Material for this task:
════════════════════
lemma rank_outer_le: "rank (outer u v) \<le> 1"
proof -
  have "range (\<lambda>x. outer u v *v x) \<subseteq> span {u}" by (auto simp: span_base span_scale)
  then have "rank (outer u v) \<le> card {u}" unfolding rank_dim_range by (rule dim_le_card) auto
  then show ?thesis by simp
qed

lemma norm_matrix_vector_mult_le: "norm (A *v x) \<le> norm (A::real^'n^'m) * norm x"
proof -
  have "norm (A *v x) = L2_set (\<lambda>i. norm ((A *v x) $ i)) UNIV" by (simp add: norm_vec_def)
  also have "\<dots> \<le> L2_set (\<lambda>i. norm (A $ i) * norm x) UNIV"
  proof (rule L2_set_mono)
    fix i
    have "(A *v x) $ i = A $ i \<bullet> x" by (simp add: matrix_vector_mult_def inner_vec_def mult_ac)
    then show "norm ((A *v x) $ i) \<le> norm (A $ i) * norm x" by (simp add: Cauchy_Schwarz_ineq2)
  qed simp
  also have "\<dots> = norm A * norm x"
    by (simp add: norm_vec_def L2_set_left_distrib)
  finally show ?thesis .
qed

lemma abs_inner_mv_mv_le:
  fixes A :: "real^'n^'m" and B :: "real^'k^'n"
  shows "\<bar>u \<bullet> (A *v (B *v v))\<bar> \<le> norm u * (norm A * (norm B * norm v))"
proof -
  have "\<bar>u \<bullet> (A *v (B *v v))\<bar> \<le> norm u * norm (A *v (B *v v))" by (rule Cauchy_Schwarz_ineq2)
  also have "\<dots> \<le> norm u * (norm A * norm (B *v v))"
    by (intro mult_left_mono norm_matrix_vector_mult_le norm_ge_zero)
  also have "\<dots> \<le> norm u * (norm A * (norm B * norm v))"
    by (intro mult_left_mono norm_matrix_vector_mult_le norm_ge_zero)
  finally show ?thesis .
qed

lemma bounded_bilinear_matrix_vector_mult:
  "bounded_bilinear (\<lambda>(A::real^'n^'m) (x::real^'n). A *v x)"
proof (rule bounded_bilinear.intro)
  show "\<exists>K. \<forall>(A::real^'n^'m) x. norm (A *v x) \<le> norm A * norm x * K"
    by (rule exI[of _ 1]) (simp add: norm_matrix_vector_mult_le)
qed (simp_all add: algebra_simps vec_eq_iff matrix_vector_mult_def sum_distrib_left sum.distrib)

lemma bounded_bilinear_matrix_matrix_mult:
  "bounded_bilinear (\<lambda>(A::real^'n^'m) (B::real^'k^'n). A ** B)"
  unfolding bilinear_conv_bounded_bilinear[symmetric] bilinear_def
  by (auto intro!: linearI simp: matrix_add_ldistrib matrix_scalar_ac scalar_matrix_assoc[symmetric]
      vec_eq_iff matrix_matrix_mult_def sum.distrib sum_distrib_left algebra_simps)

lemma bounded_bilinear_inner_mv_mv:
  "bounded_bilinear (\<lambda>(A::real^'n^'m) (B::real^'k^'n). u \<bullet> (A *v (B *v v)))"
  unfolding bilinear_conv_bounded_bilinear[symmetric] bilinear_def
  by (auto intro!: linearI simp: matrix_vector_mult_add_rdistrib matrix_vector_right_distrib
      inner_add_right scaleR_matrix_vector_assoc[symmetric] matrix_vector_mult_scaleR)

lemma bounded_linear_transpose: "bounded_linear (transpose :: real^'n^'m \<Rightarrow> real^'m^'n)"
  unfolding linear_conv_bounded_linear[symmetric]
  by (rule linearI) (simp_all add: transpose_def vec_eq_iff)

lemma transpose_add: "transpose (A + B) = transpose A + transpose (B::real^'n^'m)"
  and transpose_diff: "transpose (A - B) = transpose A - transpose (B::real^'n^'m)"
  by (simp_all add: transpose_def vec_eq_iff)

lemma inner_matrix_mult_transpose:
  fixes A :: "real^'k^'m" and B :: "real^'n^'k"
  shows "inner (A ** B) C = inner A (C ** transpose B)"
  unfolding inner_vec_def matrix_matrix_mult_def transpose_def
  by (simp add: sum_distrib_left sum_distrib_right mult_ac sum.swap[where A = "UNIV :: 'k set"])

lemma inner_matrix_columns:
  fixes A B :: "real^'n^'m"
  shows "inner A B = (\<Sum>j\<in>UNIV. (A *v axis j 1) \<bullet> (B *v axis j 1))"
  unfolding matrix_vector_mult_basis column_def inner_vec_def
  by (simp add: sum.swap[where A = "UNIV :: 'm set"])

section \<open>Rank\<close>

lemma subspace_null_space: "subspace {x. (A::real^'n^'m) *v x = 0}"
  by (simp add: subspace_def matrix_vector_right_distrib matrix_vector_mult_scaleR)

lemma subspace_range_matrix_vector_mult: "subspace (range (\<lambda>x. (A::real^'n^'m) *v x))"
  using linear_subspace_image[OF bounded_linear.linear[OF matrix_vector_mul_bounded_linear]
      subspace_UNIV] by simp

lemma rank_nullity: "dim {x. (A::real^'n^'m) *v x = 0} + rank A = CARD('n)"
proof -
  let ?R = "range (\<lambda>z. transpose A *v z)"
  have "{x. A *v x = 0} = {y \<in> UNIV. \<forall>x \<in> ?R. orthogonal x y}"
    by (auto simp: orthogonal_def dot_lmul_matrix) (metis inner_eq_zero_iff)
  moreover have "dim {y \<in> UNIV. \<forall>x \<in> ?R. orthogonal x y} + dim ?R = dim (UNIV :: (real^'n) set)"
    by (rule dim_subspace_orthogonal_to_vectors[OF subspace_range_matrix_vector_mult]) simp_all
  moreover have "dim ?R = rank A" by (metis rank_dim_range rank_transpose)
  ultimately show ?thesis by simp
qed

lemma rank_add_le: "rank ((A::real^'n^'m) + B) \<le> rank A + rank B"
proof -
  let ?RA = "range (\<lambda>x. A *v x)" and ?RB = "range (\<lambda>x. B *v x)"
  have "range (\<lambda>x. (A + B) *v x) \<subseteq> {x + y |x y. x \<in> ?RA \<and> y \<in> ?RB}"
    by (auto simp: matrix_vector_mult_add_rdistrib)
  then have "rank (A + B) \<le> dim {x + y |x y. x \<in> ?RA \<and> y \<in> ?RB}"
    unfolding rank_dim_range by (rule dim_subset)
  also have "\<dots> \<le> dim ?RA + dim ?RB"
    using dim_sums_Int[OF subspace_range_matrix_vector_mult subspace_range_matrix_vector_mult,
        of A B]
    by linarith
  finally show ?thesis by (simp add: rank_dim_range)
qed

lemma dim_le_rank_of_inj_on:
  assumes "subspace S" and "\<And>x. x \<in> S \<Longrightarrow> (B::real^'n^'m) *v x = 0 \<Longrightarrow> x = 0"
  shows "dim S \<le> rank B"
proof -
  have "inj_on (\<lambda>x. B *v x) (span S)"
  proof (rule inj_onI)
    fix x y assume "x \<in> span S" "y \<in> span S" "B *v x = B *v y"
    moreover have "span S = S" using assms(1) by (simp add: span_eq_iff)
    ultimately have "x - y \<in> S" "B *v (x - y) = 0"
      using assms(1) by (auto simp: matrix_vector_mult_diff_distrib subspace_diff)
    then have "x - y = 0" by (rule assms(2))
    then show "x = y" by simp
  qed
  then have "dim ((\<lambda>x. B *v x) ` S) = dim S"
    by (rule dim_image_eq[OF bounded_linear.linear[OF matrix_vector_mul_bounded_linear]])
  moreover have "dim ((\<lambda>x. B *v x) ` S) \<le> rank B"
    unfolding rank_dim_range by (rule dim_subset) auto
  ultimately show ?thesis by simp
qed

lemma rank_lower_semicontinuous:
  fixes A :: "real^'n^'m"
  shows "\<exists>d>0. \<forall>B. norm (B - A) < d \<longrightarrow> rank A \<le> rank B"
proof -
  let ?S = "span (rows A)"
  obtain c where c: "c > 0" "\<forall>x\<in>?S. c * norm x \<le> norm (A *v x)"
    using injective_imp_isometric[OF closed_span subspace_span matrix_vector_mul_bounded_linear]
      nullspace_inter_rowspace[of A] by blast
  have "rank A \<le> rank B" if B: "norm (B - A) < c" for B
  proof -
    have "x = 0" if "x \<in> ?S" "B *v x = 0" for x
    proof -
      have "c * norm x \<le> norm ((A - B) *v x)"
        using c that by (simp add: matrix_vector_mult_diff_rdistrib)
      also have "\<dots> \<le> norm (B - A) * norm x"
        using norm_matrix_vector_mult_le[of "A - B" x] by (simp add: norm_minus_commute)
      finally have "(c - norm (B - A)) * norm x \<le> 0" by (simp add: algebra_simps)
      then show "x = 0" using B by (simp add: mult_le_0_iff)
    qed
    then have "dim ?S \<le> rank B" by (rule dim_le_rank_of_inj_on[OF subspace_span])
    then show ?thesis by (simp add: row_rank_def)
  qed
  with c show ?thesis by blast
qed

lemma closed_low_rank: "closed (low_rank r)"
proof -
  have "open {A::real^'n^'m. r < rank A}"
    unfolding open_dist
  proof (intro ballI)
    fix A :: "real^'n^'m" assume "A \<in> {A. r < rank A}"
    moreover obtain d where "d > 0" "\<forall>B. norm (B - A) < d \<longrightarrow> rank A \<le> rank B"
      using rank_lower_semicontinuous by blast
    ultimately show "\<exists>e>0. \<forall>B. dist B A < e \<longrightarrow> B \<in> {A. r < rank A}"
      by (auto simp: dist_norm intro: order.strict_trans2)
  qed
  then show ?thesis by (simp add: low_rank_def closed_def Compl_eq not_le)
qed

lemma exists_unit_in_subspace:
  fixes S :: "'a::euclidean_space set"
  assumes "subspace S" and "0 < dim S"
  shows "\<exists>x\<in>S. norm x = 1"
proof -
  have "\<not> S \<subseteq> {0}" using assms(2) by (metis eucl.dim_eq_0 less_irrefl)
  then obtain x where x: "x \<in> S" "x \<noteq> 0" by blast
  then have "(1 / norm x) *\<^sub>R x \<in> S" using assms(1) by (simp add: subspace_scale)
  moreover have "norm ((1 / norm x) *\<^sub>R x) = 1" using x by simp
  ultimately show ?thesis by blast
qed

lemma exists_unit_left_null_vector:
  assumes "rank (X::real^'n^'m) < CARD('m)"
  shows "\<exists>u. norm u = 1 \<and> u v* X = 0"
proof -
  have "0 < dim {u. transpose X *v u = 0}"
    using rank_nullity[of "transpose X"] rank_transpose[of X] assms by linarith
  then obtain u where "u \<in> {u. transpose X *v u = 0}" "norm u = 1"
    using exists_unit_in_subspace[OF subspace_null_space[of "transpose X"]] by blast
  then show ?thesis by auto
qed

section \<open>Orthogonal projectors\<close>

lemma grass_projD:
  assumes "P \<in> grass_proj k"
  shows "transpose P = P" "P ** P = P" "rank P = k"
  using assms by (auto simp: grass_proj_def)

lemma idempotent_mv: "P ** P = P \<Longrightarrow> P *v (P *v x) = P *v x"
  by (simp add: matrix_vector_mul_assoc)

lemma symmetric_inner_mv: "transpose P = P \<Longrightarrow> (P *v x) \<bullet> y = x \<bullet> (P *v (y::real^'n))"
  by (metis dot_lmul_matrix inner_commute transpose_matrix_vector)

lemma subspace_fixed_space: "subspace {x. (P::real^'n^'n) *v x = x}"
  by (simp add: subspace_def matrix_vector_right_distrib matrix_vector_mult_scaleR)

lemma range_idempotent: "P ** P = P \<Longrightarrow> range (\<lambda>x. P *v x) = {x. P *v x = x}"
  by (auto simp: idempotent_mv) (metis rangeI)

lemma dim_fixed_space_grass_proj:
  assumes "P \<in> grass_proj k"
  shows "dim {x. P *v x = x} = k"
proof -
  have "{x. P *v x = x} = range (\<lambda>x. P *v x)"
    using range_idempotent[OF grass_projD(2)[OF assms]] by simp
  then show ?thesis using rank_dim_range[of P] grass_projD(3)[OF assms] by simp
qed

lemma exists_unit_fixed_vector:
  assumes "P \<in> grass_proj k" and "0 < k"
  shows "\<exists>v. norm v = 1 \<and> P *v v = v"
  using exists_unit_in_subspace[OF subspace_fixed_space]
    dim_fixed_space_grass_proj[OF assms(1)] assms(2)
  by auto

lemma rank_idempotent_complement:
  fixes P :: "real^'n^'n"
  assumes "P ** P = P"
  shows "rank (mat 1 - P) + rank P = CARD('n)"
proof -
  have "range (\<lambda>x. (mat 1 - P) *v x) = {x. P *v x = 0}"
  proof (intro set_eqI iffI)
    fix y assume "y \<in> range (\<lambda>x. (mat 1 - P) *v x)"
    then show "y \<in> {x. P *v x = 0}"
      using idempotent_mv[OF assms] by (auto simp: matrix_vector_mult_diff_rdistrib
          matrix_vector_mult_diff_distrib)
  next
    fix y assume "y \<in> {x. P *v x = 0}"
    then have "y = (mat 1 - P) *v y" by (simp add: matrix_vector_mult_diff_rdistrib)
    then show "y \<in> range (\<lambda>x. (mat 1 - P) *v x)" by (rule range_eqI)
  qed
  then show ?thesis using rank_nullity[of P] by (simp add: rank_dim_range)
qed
════════════════════
Exercise brief: Scan the material above for the string "obtain" and return the lines that hold it.

Reply:
  obtain c where c: "c > 0" "\<forall>x\<in>?S. c * norm x \<le> norm (A *v x)"
    moreover obtain d where "d > 0" "\<forall>B. norm (B - A) < d \<longrightarrow> rank A \<le> rank B"
  then obtain x where x: "x \<in> S" "x \<noteq> 0" by blast
  then obtain u where "u \<in> {u. transpose X *v u = 0}" "norm u = 1"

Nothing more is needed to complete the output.